## [What you should do]
When the line containing "define M where" is reached, include it and end there; set down verbatim every line before it, starting at the top of the records.

Stored records:

++++++++++

lemma sum_prod_PiE_pushforward:
  fixes w :: "'a \<Rightarrow> 'b \<Rightarrow> real"
  assumes fX: "finite X" and fS: "\<And>x. x \<in> X \<Longrightarrow> finite (S x)"
  shows "(\<Sum>f\<in>PiE X S. (\<Prod>x\<in>X. w x (f x)) * F (\<lambda>x\<in>X. h x (f x)))
       = (\<Sum>g\<in>PiE X (\<lambda>x. h x ` S x). (\<Prod>x\<in>X. \<Sum>s\<in>{s\<in>S x. h x s = g x}. w x s) * F g)"
proof -
  define M where "M f = (\<lambda>x\<in>X. h x (f x))" for f :: "'a \<Rightarrow> 'b"
  have fin: "finite (PiE X S)" using fX fS by (intro finite_PiE) auto
  have finG: "finite (PiE X (\<lambda>x. h x ` S x))" using fX fS by (intro finite_PiE) auto
  have sub: "M ` PiE X S \<subseteq> PiE X (\<lambda>x. h x ` S x)"
    by (auto simp: M_def PiE_iff)
  have "(\<Sum>f\<in>PiE X S. (\<Prod>x\<in>X. w x (f x)) * F (M f))
      = (\<Sum>g\<in>PiE X (\<lambda>x. h x ` S x). \<Sum>f\<in>{f. f \<in> PiE X S \<and> M f = g}. (\<Prod>x\<in>X. w x (f x)) * F (M f))"
    by (rule sum.group[OF fin finG sub, symmetric])
  also have "\<dots> = (\<Sum>g\<in>PiE X (\<lambda>x. h x ` S x). (\<Prod>x\<in>X. \<Sum>s\<in>{s\<in>S x. h x s = g x}. w x s) * F g)"
  proof (rule sum.cong[OF refl])
    fix g assume g: "g \<in> PiE X (\<lambda>x. h x ` S x)"
    have eq: "{f. f \<in> PiE X S \<and> M f = g} = PiE X (\<lambda>x. {s\<in>S x. h x s = g x})"
    proof (intro set_eqI iffI)
      fix f assume "f \<in> {f. f \<in> PiE X S \<and> M f = g}"
      then show "f \<in> PiE X (\<lambda>x. {s\<in>S x. h x s = g x})"
        by (auto simp: PiE_iff M_def fun_eq_iff split: if_splits)
    next
      fix f assume f: "f \<in> PiE X (\<lambda>x. {s\<in>S x. h x s = g x})"
      have "M f = g" using f g by (auto simp: PiE_iff M_def fun_eq_iff extensional_def)
      with f show "f \<in> {f. f \<in> PiE X S \<and> M f = g}" by (auto simp: PiE_iff)
    qed
    have "(\<Sum>f\<in>{f. f \<in> PiE X S \<and> M f = g}. (\<Prod>x\<in>X. w x (f x)) * F (M f))
        = (\<Sum>f\<in>PiE X (\<lambda>x. {s\<in>S x. h x s = g x}). (\<Prod>x\<in>X. w x (f x))) * F g"
      unfolding eq[symmetric] by (simp add: sum_distrib_right)
    also have "\<dots> = (\<Prod>x\<in>X. \<Sum>s\<in>{s\<in>S x. h x s = g x}. w x s) * F g"
      using fX fS by (subst prod_sum_PiE) auto
    finally show "(\<Sum>f\<in>{f. f \<in> PiE X S \<and> M f = g}. (\<Prod>x\<in>X. w x (f x)) * F (M f))
        = (\<Prod>x\<in>X. \<Sum>s\<in>{s\<in>S x. h x s = g x}. w x s) * F g" .
  qed
  finally show ?thesis unfolding M_def .
qed

section \<open>The learning network as a random edge-state configuration\<close>

text \<open>A configuration assigns to each ordered pair \<open>(i, j)\<close>, \<open>i \<noteq> j\<close>, the state 0 (firm
  \<open>i\<close> does not learn directly from \<open>j\<close>), 1 (direct learning only) or 2 (direct and indirect
  learning), independently with probabilities \<open>d\<close>, \<open>b\<close>, \<open>a\<close>. The learning model
  corresponds to \<open>a = q\<^sup>2 \<delta>\<close>, \<open>b = q\<^sup>2 (1 - \<delta>)\<close>, \<open>d = 1 - q\<^sup>2\<close>.\<close>

definition states :: "nat set" where "states = {0,1,2}"

definition state_weight :: "real \<Rightarrow> real \<Rightarrow> real \<Rightarrow> nat \<Rightarrow> real" where
  "state_weight a b d s = (if s = 2 then a else if s = 1 then b else d)"

definition config_weight :: "nat \<Rightarrow> real \<Rightarrow> real \<Rightarrow> real \<Rightarrow> (nat \<times> nat \<Rightarrow> nat) \<Rightarrow> real" where
  "config_weight n a b d f = (\<Prod>x\<in>offdiag n. state_weight a b d (f x))"

definition configs :: "nat \<Rightarrow> (nat \<times> nat \<Rightarrow> nat) set" where
  "configs n = PiE (offdiag n) (\<lambda>_. states)"

definition expect :: "nat \<Rightarrow> real \<Rightarrow> real \<Rightarrow> real \<Rightarrow> ((nat \<times> nat \<Rightarrow> nat) \<Rightarrow> real) \<Rightarrow> real" where
  "expect n a b d Z = (\<Sum>f\<in>configs n. config_weight n a b d f * Z f)"

definition prob :: "nat \<Rightarrow> real \<Rightarrow> real \<Rightarrow> real \<Rightarrow> ((nat \<times> nat \<Rightarrow> nat) \<Rightarrow> bool) \<Rightarrow> real" where
  "prob n a b d E = expect n a b d (\<lambda>f. if E f then 1 else 0)"

definition indirect :: "nat \<Rightarrow> (nat \<times> nat \<Rightarrow> nat) \<Rightarrow> (nat \<times> nat) set" where
  "indirect n f = {x\<in>offdiag n. f x = 2}"

definition direct :: "nat \<Rightarrow> (nat \<times> nat \<Rightarrow> nat) \<Rightarrow> (nat \<times> nat) set" where
  "direct n f = {x\<in>offdiag n. f x \<noteq> 0}"

lemma finite_offdiag[simp]: "finite (offdiag n)"
  by (rule finite_subset[of _ "{..<n} \<times> {..<n}"]) (auto simp: offdiag_def)

lemma finite_configs[simp]: "finite (configs n)"
  unfolding configs_def states_def by (intro finite_PiE) auto

lemma config_weight_nonneg: "0 \<le> a \<Longrightarrow> 0 \<le> b \<Longrightarrow> 0 \<le> d \<Longrightarrow> 0 \<le> config_weight n a b d f"
  unfolding config_weight_def state_weight_def by (intro prod_nonneg) auto

lemma expect_mono:
  assumes "0 \<le> a" "0 \<le> b" "0 \<le> d" "\<And>f. f \<in> configs n \<Longrightarrow> Z f \<le> Z' f"
  shows "expect n a b d Z \<le> expect n a b d Z'"
  unfolding expect_def using assms config_weight_nonneg[OF assms(1-3)]
  by (intro sum_mono mult_left_mono) auto

lemma expect_cong:
  assumes "\<And>f. f \<in> configs n \<Longrightarrow> Z f = Z' f"
  shows "expect n a b d Z = expect n a b d Z'"
  unfolding expect_def using assms by (intro sum.cong refl) auto

lemma expect_add: "expect n a b d (\<lambda>f. Z f + Z' f) = expect n a b d Z + expect n a b d Z'"
  unfolding expect_def by (simp add: distrib_left sum.distrib)

lemma expect_cmult: "expect n a b d (\<lambda>f. c * Z f) = c * expect n a b d Z"
  unfolding expect_def by (simp add: sum_distrib_left mult_ac)

lemma expect_sum: "finite Y \<Longrightarrow> expect n a b d (\<lambda>f. \<Sum>y\<in>Y. Z y f) = (\<Sum>y\<in>Y. expect n a b d (Z y))"
  unfolding expect_def by (simp add: sum_distrib_left sum.swap[of _ "configs n"])

lemma prob_cong:
  assumes "\<And>f. f \<in> configs n \<Longrightarrow> E f = E' f"
  shows "prob n a b d E = prob n a b d E'"
  unfolding prob_def expect_def using assms by (intro sum.cong refl) auto

lemma prob_mono:
  assumes "0 \<le> a" "0 \<le> b" "0 \<le> d" "\<And>f. f \<in> configs n \<Longrightarrow> E f \<Longrightarrow> E' f"
  shows "prob n a b d E \<le> prob n a b d E'"
  unfolding prob_def using assms by (intro expect_mono) auto

lemma prob_nonneg: "0 \<le> a \<Longrightarrow> 0 \<le> b \<Longrightarrow> 0 \<le> d \<Longrightarrow> 0 \<le> prob n a b d E"
  unfolding prob_def expect_def by (intro sum_nonneg mult_nonneg_nonneg config_weight_nonneg) auto

lemma prob_disj_le:
  assumes "0 \<le> a" "0 \<le> b" "0 \<le> d"
  shows "prob n a b d (\<lambda>f. E f \<or> E' f) \<le> prob n a b d E + prob n a b d E'"
  unfolding prob_def expect_add[symmetric] using assms by (intro expect_mono) auto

++++++++++

## [Exercise result]
lemma sum_prod_PiE_pushforward:
  fixes w :: "'a \<Rightarrow> 'b \<Rightarrow> real"
  assumes fX: "finite X" and fS: "\<And>x. x \<in> X \<Longrightarrow> finite (S x)"
  shows "(\<Sum>f\<in>PiE X S. (\<Prod>x\<in>X. w x (f x)) * F (\<lambda>x\<in>X. h x (f x)))
       = (\<Sum>g\<in>PiE X (\<lambda>x. h x ` S x). (\<Prod>x\<in>X. \<Sum>s\<in>{s\<in>S x. h x s = g x}. w x s) * F g)"
proof -
  define M where "M f = (\<lambda>x\<in>X. h x (f x))" for f :: "'a \<Rightarrow> 'b"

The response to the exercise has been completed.